Tests stand out; they can be pointed to because they are not just ordinary moments. They have a special status. And yet, for many tests (although not for all), the materials selected for examination will have a very distinctive special status precisely because they must be absolutely ordinary. Once selected, they stand out to be assayed, analyzed, and assessed. But they must not be selected because they stand out.9 This is not the case for all types of tests, however. Tests of power, tests of principles, and tests of courage or character can happen in critical moments that are special precisely because they are experienced as extraordinary. Every test is situated. But certain types of critical moments are ones in which someone might think or even say, “Oh, we have a situation here.”10 You have surely been in such moments. They can involve a vague or perhaps acute sense of awkwardness that things are uncomfortably out of joint because it is unclear by which principle the situation is to be assessed, or they can be favorably out of joint exactly for the same reason (Stark, 2011).

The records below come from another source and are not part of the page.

lemma card_weightChars_le:
  assumes "finite Q"
  shows "card (weightChars Q d) \<le> Max Q ^ (2*d)"
proof -
  txt \<open>A character is encoded by the list of its nonzero coordinates \<open>(q, \<xi> q)\<close>.\<close>
  define M where "M = Max Q"
  define enc where "enc \<xi> = map (\<lambda>q. (q, \<xi> q)) (sorted_list_of_set {q\<in>Q. \<xi> q \<noteq> 0})"
    for \<xi> :: "nat \<Rightarrow> nat"
  have set_enc: "set (enc \<xi>) = (\<lambda>q. (q, \<xi> q)) ` {q\<in>Q. \<xi> q \<noteq> 0}" for \<xi>
    unfolding enc_def using assms by simp
  then have mem_enc: "(q, v) \<in> set (enc \<xi>) \<longleftrightarrow> q \<in> Q \<and> v = \<xi> q \<and> v \<noteq> 0" for q v \<xi>
    by auto
  have "inj_on enc (weightChars Q d)"
  proof (rule inj_onI)
    fix \<xi> \<eta> assume "\<xi> \<in> weightChars Q d" "\<eta> \<in> weightChars Q d" and enc: "enc \<xi> = enc \<eta>"
    then have "\<xi> \<in> charsQ Q" "\<eta> \<in> charsQ Q" unfolding weightChars_def by auto
    moreover have "\<xi> q = \<eta> q" if "q \<in> Q" for q
    proof (cases "\<xi> q = 0 \<and> \<eta> q = 0")
      case False
      then have "(q, \<xi> q) \<in> set (enc \<xi>) \<or> (q, \<eta> q) \<in> set (enc \<eta>)"
        using that by (simp add: mem_enc)
      then have "(q, \<xi> q) \<in> set (enc \<eta>) \<or> (q, \<eta> q) \<in> set (enc \<xi>)"
        using enc by simp
      then show ?thesis by (auto simp: mem_enc)
    qed simp
    ultimately show "\<xi> = \<eta>" unfolding charsQ_def by (rule PiE_ext)
  qed
  moreover have "enc ` weightChars Q d \<subseteq> {xs. set xs \<subseteq> {1..M} \<times> {0..<M} \<and> length xs = d}"
  proof clarify
    fix \<xi> assume \<xi>: "\<xi> \<in> weightChars Q d"
    have "length (enc \<xi>) = d"
      using \<xi> assms unfolding enc_def weightChars_def charWeight_def by simp
    moreover have "q \<le> M" "\<xi> q < q" if "q \<in> Q" for q
      using \<xi> assms that unfolding M_def weightChars_def charsQ_def by auto
    ultimately show "set (enc \<xi>) \<subseteq> {1..M} \<times> {0..<M} \<and> length (enc \<xi>) = d"
      unfolding set_enc by fastforce
  qed
  ultimately have "card (weightChars Q d) \<le> card {xs. set xs \<subseteq> {1..M} \<times> {0..<M} \<and> length xs = d}"
    by (simp add: card_image[symmetric] card_mono finite_lists_length_eq)
  also have "\<dots> = M ^ (2*d)"
    by (simp add: card_lists_length_eq power_mult power2_eq_square)
  finally show ?thesis unfolding M_def .
qed

lemma prod_support_signed_sum_le:
  assumes "finite Q" and p: "\<forall>i<2*m. p i \<in> weightChars Q d"
  shows "(\<Prod>q\<in>{q\<in>Q. signed_sum m (\<lambda>i. int (p i q)) \<noteq> 0}. q) \<le> Max Q ^ (2*d*m)"
proof -
  define U where "U = {q\<in>Q. signed_sum m (\<lambda>i. int (p i q)) \<noteq> 0}"
  define V where "V i = {q\<in>Q. p i q \<noteq> 0}" for i
  have card_V: "card (V i) = d" if "i < 2*m" for i
    using p that unfolding V_def weightChars_def charWeight_def by auto
  have V_pos: "0 < q" if "i < 2*m" "q \<in> V i" for i q
  proof -
    have "p i q < q"
      using p that unfolding V_def weightChars_def charsQ_def by (auto simp: PiE_iff)
    then show ?thesis by simp
  qed
  have "U \<subseteq> (\<Union>i<2*m. V i)"
    unfolding U_def V_def signed_sum_def by (force intro: sum.neutral)
  then have card_U: "card U \<le> 2*d*m"
    using card_UN_le[of "{..<2*m}" V] card_mono[of "\<Union>i<2*m. V i" U] assms(1) card_V
    by (simp add: V_def mult_ac)
  have Max_ge_1: "1 \<le> Max Q" if md: "2*d*m > 0"
  proof -
    have "card (V 0) > 0" using card_V[of 0] md by simp
    then obtain q where q: "q \<in> V 0" by (metis card_gt_0_iff ex_in_conv)
    then have "q \<le> Max Q" using assms(1) by (simp add: V_def)
    then show ?thesis using V_pos[of 0 q] q md by simp
  qed
  have "(\<Prod>q\<in>U. q) \<le> (\<Prod>q\<in>U. Max Q)"
    using assms(1) by (intro prod_mono) (auto simp: U_def)
  also have "\<dots> = Max Q ^ card U" by simp
  also have "\<dots> \<le> Max Q ^ (2*d*m)"
    using card_U Max_ge_1 by (cases "2*d*m = 0") (auto intro: power_increasing)
  finally show ?thesis unfolding U_def .
qed

section \<open>The lift and its Fourier coefficients\<close>

lemma modulusQ_pos: "\<forall>q\<in>Q. q > 0 \<Longrightarrow> modulusQ Q > 0"
  unfolding modulusQ_def by (simp add: prod_pos)

lemma inj_on_piQ:
  assumes "\<forall>x\<in>P. \<forall>y\<in>P. \<bar>x - y\<bar> < modulusQ Q"
  shows "inj_on (piQ Q) P"
proof (rule inj_onI)
  fix x y assume "x \<in> P" "y \<in> P" "piQ Q x = piQ Q y"
  then have "modulusQ Q dvd x - y" "\<bar>x - y\<bar> < modulusQ Q"
    using assms unfolding piQ_def by (auto simp: mod_eq_dvd_iff)
  then show "x = y" using dvd_imp_le_int[of "x - y" "modulusQ Q"] by auto
qed

lemma inj_on_piQ_if_bounded:
  assumes "\<forall>x\<in>P. 1 \<le> x \<and> real_of_int x \<le> X" "X \<le> real (\<Prod>q\<in>Q. q)"
  shows "inj_on (piQ Q) P"
proof (rule inj_on_piQ, intro ballI)
  fix x y assume "x \<in> P" "y \<in> P"
  then have "1 \<le> real_of_int x" "real_of_int x \<le> X" "1 \<le> real_of_int y" "real_of_int y \<le> X"
    using assms(1) by auto
  then have "real_of_int \<bar>x - y\<bar> < real_of_int (modulusQ Q)"
    using assms(2) by (auto simp: abs_if modulusQ_def)
  then show "\<bar>x - y\<bar> < modulusQ Q" by linarith
qed

lemma liftPsi_piQ:
  assumes "inj_on (piQ Q) P" "x \<in> P"
  shows "liftPsi P Q f (piQ Q x) = of_int (modulusQ Q) / of_nat (card P) * f x"
proof -
  have "(THE x'. x' \<in> P \<and> piQ Q x' = piQ Q x) = x"
    using assms by (auto dest: inj_onD)
  then show ?thesis unfolding liftPsi_def using assms(2) by auto
qed

lemma norm_fourierQ_le: "cmod (fourierQ Q g \<xi>) \<le> (\<Sum>x\<in>GQ Q. cmod (g x)) / of_int (modulusQ Q)"
proof -
  have "cmod (\<Sum>x\<in>GQ Q. g x * cnj (charE Q \<xi> x)) \<le> (\<Sum>x\<in>GQ Q. cmod (g x))"
    using norm_sum[of "\<lambda>x. g x * cnj (charE Q \<xi> x)"] by (simp add: norm_mult charE_def)
  moreover have "cmod (of_int (modulusQ Q)) = of_int (modulusQ Q)"
    by (simp only: norm_of_int) (simp add: modulusQ_def prod_nonneg)
  ultimately show ?thesis
    unfolding fourierQ_def norm_divide by (simp add: divide_right_mono)
qed

lemma norm_fourierQ_liftPsi_le:
  assumes "\<forall>q\<in>Q. q > 0" "finite P" "inj_on (piQ Q) P"
  shows "cmod (fourierQ Q (liftPsi P Q f) \<xi>) \<le> (\<Sum>x\<in>P. cmod (f x)) / real (card P)"
proof -
  define N where "N = modulusQ Q"
  have N_pos: "N > 0" unfolding N_def using assms(1) by (rule modulusQ_pos)
  have "(\<Sum>x\<in>GQ Q. cmod (liftPsi P Q f x)) = (\<Sum>x\<in>piQ Q ` P. cmod (liftPsi P Q f x))"
    using N_pos by (intro sum.mono_neutral_right)
      (auto simp: GQ_def piQ_def liftPsi_def N_def assms(2))
  also have "\<dots> = (\<Sum>x\<in>P. cmod (liftPsi P Q f (piQ Q x)))"
    using assms(3) by (simp add: sum.reindex)
  also have "\<dots> = real_of_int N * ((\<Sum>x\<in>P. cmod (f x)) / real (card P))"
    using N_pos assms(3)
    by (simp add: liftPsi_piQ norm_mult norm_divide sum_distrib_left sum_divide_distrib N_def)
  finally show ?thesis
    using norm_fourierQ_le[of Q "liftPsi P Q f" \<xi>] N_pos by (simp add: N_def)
qed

3) When someone or something is put to the test, of interest is whether it stands up.
In a press conference on March 11, 2020 (her first public address on the coronavirus outbreak) German chancellor Angela Merkel warned that up to 70% of the population could contract the virus. In so doing, Merkel was the first leader of a major democratic country to provide shocking estimates of the magnitude of the problem. With Lothar Wieler, president of the Robert Koch Institute for public health, at her side and taking pains to emphasize that the information she was sharing came from experts, Merkel soberly told the German people:
This is putting our solidarity, our common sense and our openheartedness for one another to the test. I hope that we will pass it.11
One week later, on March 18, Merkel spoke to the nation in an unprecedented evening address. This time, as if to ensure that no one should miss it, the message of testing was evident in her opening words:
The coronavirus is changing daily life in our country dramatically at the present. Our idea of normality, of public life, social togetherness — all of this is being put to the test as never before… I firmly believe that we will pass this test if all citizens genuinely see this as THEIR task.12
The specific terms varied slightly — solidarity, sense of common purpose, care for one another, normality, public life, social togetherness — but in each instance they were being put to the test. In each case, the moment stands out in history: “Since German reunification, no, since the Second World War there has not been a challenge… so important.” Also, in each case, the challenge stands out as a test. And in each, as well, expressed with a hope, a belief, that “we will pass” the test.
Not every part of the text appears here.